» ABOUT THIS EXERCISE
What is needed is a word-for-word transcription of every record below.

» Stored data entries
Start of Block

(* Let $D:\mathcal{A}^W\to\mathcal{A}^W$ be a linear operator that is triangular, i.e. $D(\mathcal{A}^W_\lambda)\subseteq\mathcal{A}^W_\lambda$ for every $\lambda\in\mathcal{P}^+$. Let $\{s_\lambda\}_{\lambda\in\mathcal{P}^+}$ be a basis of $\mathcal{A}^W$ such that, for all $\lambda\in\mathcal{P}^+$, $$m_\lambda=\sum_{\mu\in\mathcal{P}^+,\ \mu\preceq\lambda}a_{\lambda\mu}\,s_\mu,\quad a_{\lambda\lambda}=1,\qquad D\,m_\lambda=\sum_{\mu\in\mathcal{P}^+,\ \mu\preceq\lambda}b_{\lambda\mu}\,s_\mu,\quad b_{\lambda\lambda}=\epsilon_\lambda .$$ Assume $D$ is regular: $\epsilon_\mu\neq\epsilon_\lambda$ whenever $\mu,\lambda\in\mathcal{P}^+$ with $\mu\prec\lambda$. Fix $\lambda\in\mathcal{P}^+$ and let $\lambda^{(1)},\lambda^{(2)},\dots,\lambda^{(n)}=\lambda$ be any enumeration of the finite set $\{\mu\in\mathcal{P}^+\mid\mu\preceq\lambda\}$ that refines the partial order (i.e. $\lambda^{(i)}\prec\lambda^{(j)}$ implies $i<j$). Set $\mathcal{E}_\lambda=\prod_{\mu\in\mathcal{P}^+,\ \mu\prec\lambda}(\epsilon_\lambda-\epsilon_\mu)$ and, for $n\ge j>k\ge1$, $d_{\lambda^{(j)}\lambda^{(k)}}=b_{\lambda^{(j)}\lambda^{(k)}}-\epsilon_\lambda\,a_{\lambda^{(j)}\lambda^{(k)}}$. Let $M$ be the $n\times n$ (lower Hessenberg) matrix whose first column is $(m_{\lambda^{(1)}},\dots,m_{\lambda^{(n)}})^T$ and whose $(k+1)$-st column, for $k=1,\dots,n-1$, has entry in row $j$ equal to $0$ if $j<k$, equal to $\epsilon_{\lambda^{(k)}}-\epsilon_{\lambda}$ if $j=k$, and equal to $d_{\lambda^{(j)}\lambda^{(k)}}$ if $j>k$. Then $p_\lambda:=\mathcal{E}_\lambda^{-1}\det M$ satisfies $D p_\lambda=\epsilon_\lambda p_\lambda$ and $p_\lambda=m_\lambda+\sum_{\mu\in\mathcal{P}^+,\ \mu\prec\lambda}c_{\lambda\mu}m_\mu$ for some coefficients $c_{\lambda\mu}$; i.e. $\{p_\lambda\}_{\lambda\in\mathcal{P}^+}$ is the monic basis of $\mathcal{A}^W$ diagonalizing $D$.
   Context: $E$ is a real Euclidean space with inner product $\langle\cdot,\cdot\rangle$ spanned by an irreducible root system $R$ with Weyl group $W$ and positive roots $R^+$; $\alpha^\vee=2\alpha/\langle\alpha,\alpha\rangle$. $\mathcal{Q}^+=\mathrm{Span}_{\mathbb{N}}(R^+)$; $\mathcal{P}=\{\lambda\in E\mid\langle\lambda,\alpha^\vee\rangle\in\mathbb{Z}\ \forall\alpha\in R\}$ is the weight lattice and $\mathcal{P}^+=\{\lambda\in E\mid\langle\lambda,\alpha^\vee\rangle\in\mathbb{N}\ \forall\alpha\in R^+\}$ the dominant weights; partial order $\lambda\succeq\mu$ iff $\lambda-\mu\in\mathcal{Q}^+$. The group algebra $\mathbb{R}[\mathcal{P}]$ is spanned by formal exponentials $e^\lambda$ ($\lambda\in\mathcal{P}$) with $e^\lambda e^\mu=e^{\lambda+\mu}$, and $\mathcal{A}^W$ is its subspace of $W$-invariant elements, with basis the monomials $m_\lambda=\sum_{\mu\in W(\lambda)}e^\mu$, $\lambda\in\mathcal{P}^+$ ($W(\lambda)$ the $W$-orbit). For $\lambda\in\mathcal{P}^+$, $\mathcal{A}^W_\lambda=\mathrm{Span}\{m_\mu\mid\mu\in\mathcal{P}^+,\ \mu\preceq\lambda\}$. *)

theory Defs
  imports "HOL-Analysis.Euclidean_Space" "HOL-Library.Poly_Mapping" "Jordan_Normal_Form.Determinant"
begin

End of Block

» SOLVED PROBLEM
(* Let $D:\mathcal{A}^W\to\mathcal{A}^W$ be a linear operator that is triangular, i.e. $D(\mathcal{A}^W_\lambda)\subseteq\mathcal{A}^W_\lambda$ for every $\lambda\in\mathcal{P}^+$. Let $\{s_\lambda\}_{\lambda\in\mathcal{P}^+}$ be a basis of $\mathcal{A}^W$ such that, for all $\lambda\in\mathcal{P}^+$, $$m_\lambda=\sum_{\mu\in\mathcal{P}^+,\ \mu\preceq\lambda}a_{\lambda\mu}\,s_\mu,\quad a_{\lambda\lambda}=1,\qquad D\,m_\lambda=\sum_{\mu\in\mathcal{P}^+,\ \mu\preceq\lambda}b_{\lambda\mu}\,s_\mu,\quad b_{\lambda\lambda}=\epsilon_\lambda .$$ Assume $D$ is regular: $\epsilon_\mu\neq\epsilon_\lambda$ whenever $\mu,\lambda\in\mathcal{P}^+$ with $\mu\prec\lambda$. Fix $\lambda\in\mathcal{P}^+$ and let $\lambda^{(1)},\lambda^{(2)},\dots,\lambda^{(n)}=\lambda$ be any enumeration of the finite set $\{\mu\in\mathcal{P}^+\mid\mu\preceq\lambda\}$ that refines the partial order (i.e. $\lambda^{(i)}\prec\lambda^{(j)}$ implies $i<j$). Set $\mathcal{E}_\lambda=\prod_{\mu\in\mathcal{P}^+,\ \mu\prec\lambda}(\epsilon_\lambda-\epsilon_\mu)$ and, for $n\ge j>k\ge1$, $d_{\lambda^{(j)}\lambda^{(k)}}=b_{\lambda^{(j)}\lambda^{(k)}}-\epsilon_\lambda\,a_{\lambda^{(j)}\lambda^{(k)}}$. Let $M$ be the $n\times n$ (lower Hessenberg) matrix whose first column is $(m_{\lambda^{(1)}},\dots,m_{\lambda^{(n)}})^T$ and whose $(k+1)$-st column, for $k=1,\dots,n-1$, has entry in row $j$ equal to $0$ if $j<k$, equal to $\epsilon_{\lambda^{(k)}}-\epsilon_{\lambda}$ if $j=k$, and equal to $d_{\lambda^{(j)}\lambda^{(k)}}$ if $j>k$. Then $p_\lambda:=\mathcal{E}_\lambda^{-1}\det M$ satisfies $D p_\lambda=\epsilon_\lambda p_\lambda$ and $p_\lambda=m_\lambda+\sum_{\mu\in\mathcal{P}^+,\ \mu\prec\lambda}c_{\lambda\mu}m_\mu$ for some coefficients $c_{\lambda\mu}$; i.e. $\{p_\lambda\}_{\lambda\in\mathcal{P}^+}$ is the monic basis of $\mathcal{A}^W$ diagonalizing $D$.
   Context: $E$ is a real Euclidean space with inner product $\langle\cdot,\cdot\rangle$ spanned by an irreducible root system $R$ with Weyl group $W$ and positive roots $R^+$; $\alpha^\vee=2\alpha/\langle\alpha,\alpha\rangle$. $\mathcal{Q}^+=\mathrm{Span}_{\mathbb{N}}(R^+)$; $\mathcal{P}=\{\lambda\in E\mid\langle\lambda,\alpha^\vee\rangle\in\mathbb{Z}\ \forall\alpha\in R\}$ is the weight lattice and $\mathcal{P}^+=\{\lambda\in E\mid\langle\lambda,\alpha^\vee\rangle\in\mathbb{N}\ \forall\alpha\in R^+\}$ the dominant weights; partial order $\lambda\succeq\mu$ iff $\lambda-\mu\in\mathcal{Q}^+$. The group algebra $\mathbb{R}[\mathcal{P}]$ is spanned by formal exponentials $e^\lambda$ ($\lambda\in\mathcal{P}$) with $e^\lambda e^\mu=e^{\lambda+\mu}$, and $\mathcal{A}^W$ is its subspace of $W$-invariant elements, with basis the monomials $m_\lambda=\sum_{\mu\in W(\lambda)}e^\mu$, $\lambda\in\mathcal{P}^+$ ($W(\lambda)$ the $W$-orbit). For $\lambda\in\mathcal{P}^+$, $\mathcal{A}^W_\lambda=\mathrm{Span}\{m_\mu\mid\mu\in\mathcal{P}^+,\ \mu\preceq\lambda\}$. *)

theory Defs
  imports "HOL-Analysis.Euclidean_Space" "HOL-Library.Poly_Mapping" "Jordan_Normal_Form.Determinant"
begin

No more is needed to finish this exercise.